I am advised that an “affirmation” is a positive statement that aims to reinforce an individual’s self-regard and thereby, integrity. It appears this is supposed to work through the reinforcement of both repetition, and through reassuring oneself that the statement (and not, say, reality around oneself, or the feared unknown that has not yet come to pass) is the truth of the matter, which reassurance calms the panic that derives from such dubiously horrifying dangers as “loss of self regard” or “loss of social status.”
More practically: “affirm” comes from the Latin ad, “to,” combined with firmare, to “strengthen, make firm,” which itself comes from firmus, “strong.” Affirmations make one strong. Unlike prayer (from Latin precari, “to ask, beg, pray”), rather than ask the affirmation aims to wield words to make something be true. One’s helped when one helps oneself, and in this sense, an affirmation is a form of spiritual jumper cable.
As hopelessly corny and ridiculous as affirmations (and their dubious cousin, “positive self talk”) may seem, they have real practical application.

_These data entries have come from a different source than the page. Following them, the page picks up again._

lemma edges_through_crossing_point:
  assumes "dual_setting V E Vp dl fv nu" "e \<in> E" "convex hull e \<inter> convex hull (dl e) = {w}"
    and "f \<in> E \<union> dl ` E" "w \<in> convex hull f"
  shows "f = e \<or> f = dl e"
proof (cases "f \<in> E")
  case True
  then show ?thesis
    using crossing_point_primal_edge_unique[OF assms(1-3)] assms(5) by blast
next
  case False
  then obtain e' where e': "e' \<in> E" "f = dl e'"
    using assms(4) by blast
  obtain w' where w': "convex hull e' \<inter> convex hull (dl e') = {w'}"
    using crossing_point_exists[OF assms(1) e'(1)] by blast
  have "w \<in> drawing V E"
    using assms(2,3) unfolding drawing_def by blast
  then have "w = w'"
    using crossing_point_interior(3)[OF assms(1) e'(1) w'] assms(5) e'(2) by blast
  then have "e' = e"
    using crossing_point_primal_edge_unique[OF assms(1-3) e'(1)] w' by blast
  then show ?thesis
    using e'(2) by blast
qed

lemma adjacent_black_is_endpoint:
  assumes "dual_setting V E Vp dl fv nu" "e \<in> E" "convex hull e \<inter> convex hull (dl e) = {w}"
    and "adj_wb E dl w b"
  shows "b \<in> e \<or> b \<in> dl e"
  using assms(4) edges_through_crossing_point[OF assms(1-3)] unfolding adj_wb_def by blast

lemma black_not_white:
  assumes "dual_setting V E Vp dl fv nu" "b \<in> V \<union> Vp"
  shows "b \<notin> whites E dl"
proof
  assume "b \<in> whites E dl"
  then obtain e where e: "e \<in> E" "convex hull e \<inter> convex hull (dl e) = {b}"
    unfolding whites_def by blast
  then have "b \<in> convex hull e" "b \<in> convex hull (dl e)"
    by blast+
  then show False
    using assms(2) crossing_point_interior(1,2)[OF assms(1) e] e(1)
      plane_straightD(3)[OF dual_settingD(1)[OF assms(1)]]
      plane_straightD(3)[OF dual_settingD(2)[OF assms(1)]] by blast
qed
lemma R32_basis_relations:
  "gen_monomial P32 [7] \<in> cs.span (set (R32_basis 7))"
  "gen_monomial P32 [8] \<in> cs.span (set (R32_basis 8))"
  "gen_monomial P32 [2,7] \<in> cs.span (set (R32_basis 9))"
  "gen_monomial P32 [9] \<in> cs.span (set (R32_basis 9))"
  "gen_monomial P32 [2,8] \<in> cs.span (set (R32_basis 10))"
  "gen_monomial P32 [3,7] \<in> cs.span (set (R32_basis 10))"
  "gen_monomial P32 [5,5] \<in> cs.span (set (R32_basis 10))"
  "gen_monomial P32 [10] \<in> cs.span (set (R32_basis 10))"
  apply (rule in_span_R32_basis_if_eval[where k = 120 and cs = "[-35, 84, 70]"];
      simp add: R32_basis_def R32_basis_parts_def gen_monomial_def)
  apply (rule in_span_R32_basis_if_eval[where k = 720 and cs = "[15, -180, -160, 480, 384, 180]"];
      simp add: R32_basis_def R32_basis_parts_def gen_monomial_def)
  apply (rule in_span_R32_basis_if_eval[where k = 120 and cs = "[-35, 84, 70, 0, 0, 0]"];
      simp add: R32_basis_def R32_basis_parts_def gen_monomial_def)
  apply (rule in_span_R32_basis_if_eval[where k = 360 and cs = "[-45, 81, 0, -20, 180, 162]"];
      simp add: R32_basis_def R32_basis_parts_def gen_monomial_def)
  apply (rule in_span_R32_basis_if_eval[where k = 720 and cs = "[15, -180, -160, 480, 384, 180, 0, 0]"];
      simp add: R32_basis_def R32_basis_parts_def gen_monomial_def)
  apply (rule in_span_R32_basis_if_eval[where k = 120 and cs = "[0, 0, -35, 0, 84, 0, 70, 0]"];
      simp add: R32_basis_def R32_basis_parts_def gen_monomial_def)
  apply (rule in_span_R32_basis_if_eval[where k = 1440 and cs = "[-5, 80, -320, -120, 1344, -300, 0, 720]"];
      simp add: R32_basis_def R32_basis_parts_def gen_monomial_def)
  apply (rule in_span_R32_basis_if_eval[where k = 3600 and cs = "[35, -335, -910, 690, 1872, -150, 500, 1860]"];
      simp add: R32_basis_def R32_basis_parts_def gen_monomial_def)
  done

When one abides in a state of chronic auto-casigation and condemnation for the fault about to be committed, one in fact is making a prediction, which— not only being presumptuous— also forces the hand of fate, to make one’s dour tidings into lived reality; and once misstep is made, one is flung back onto a bed of one’s own vitriol to rot.
One must make affirmations for oneself, bespoke for each situation. To consult a manual seems like a kind of cheating on par with an act that would invite possession. Why would anyone want to invite a stranger’s words to take up residence in the mind to govern one’s self-conception? One must discern which statements are most deeply needed by the earthly part of oneself, and gently repeat and reinforce them, and thereby guide oneself through into a future that is always uncertain.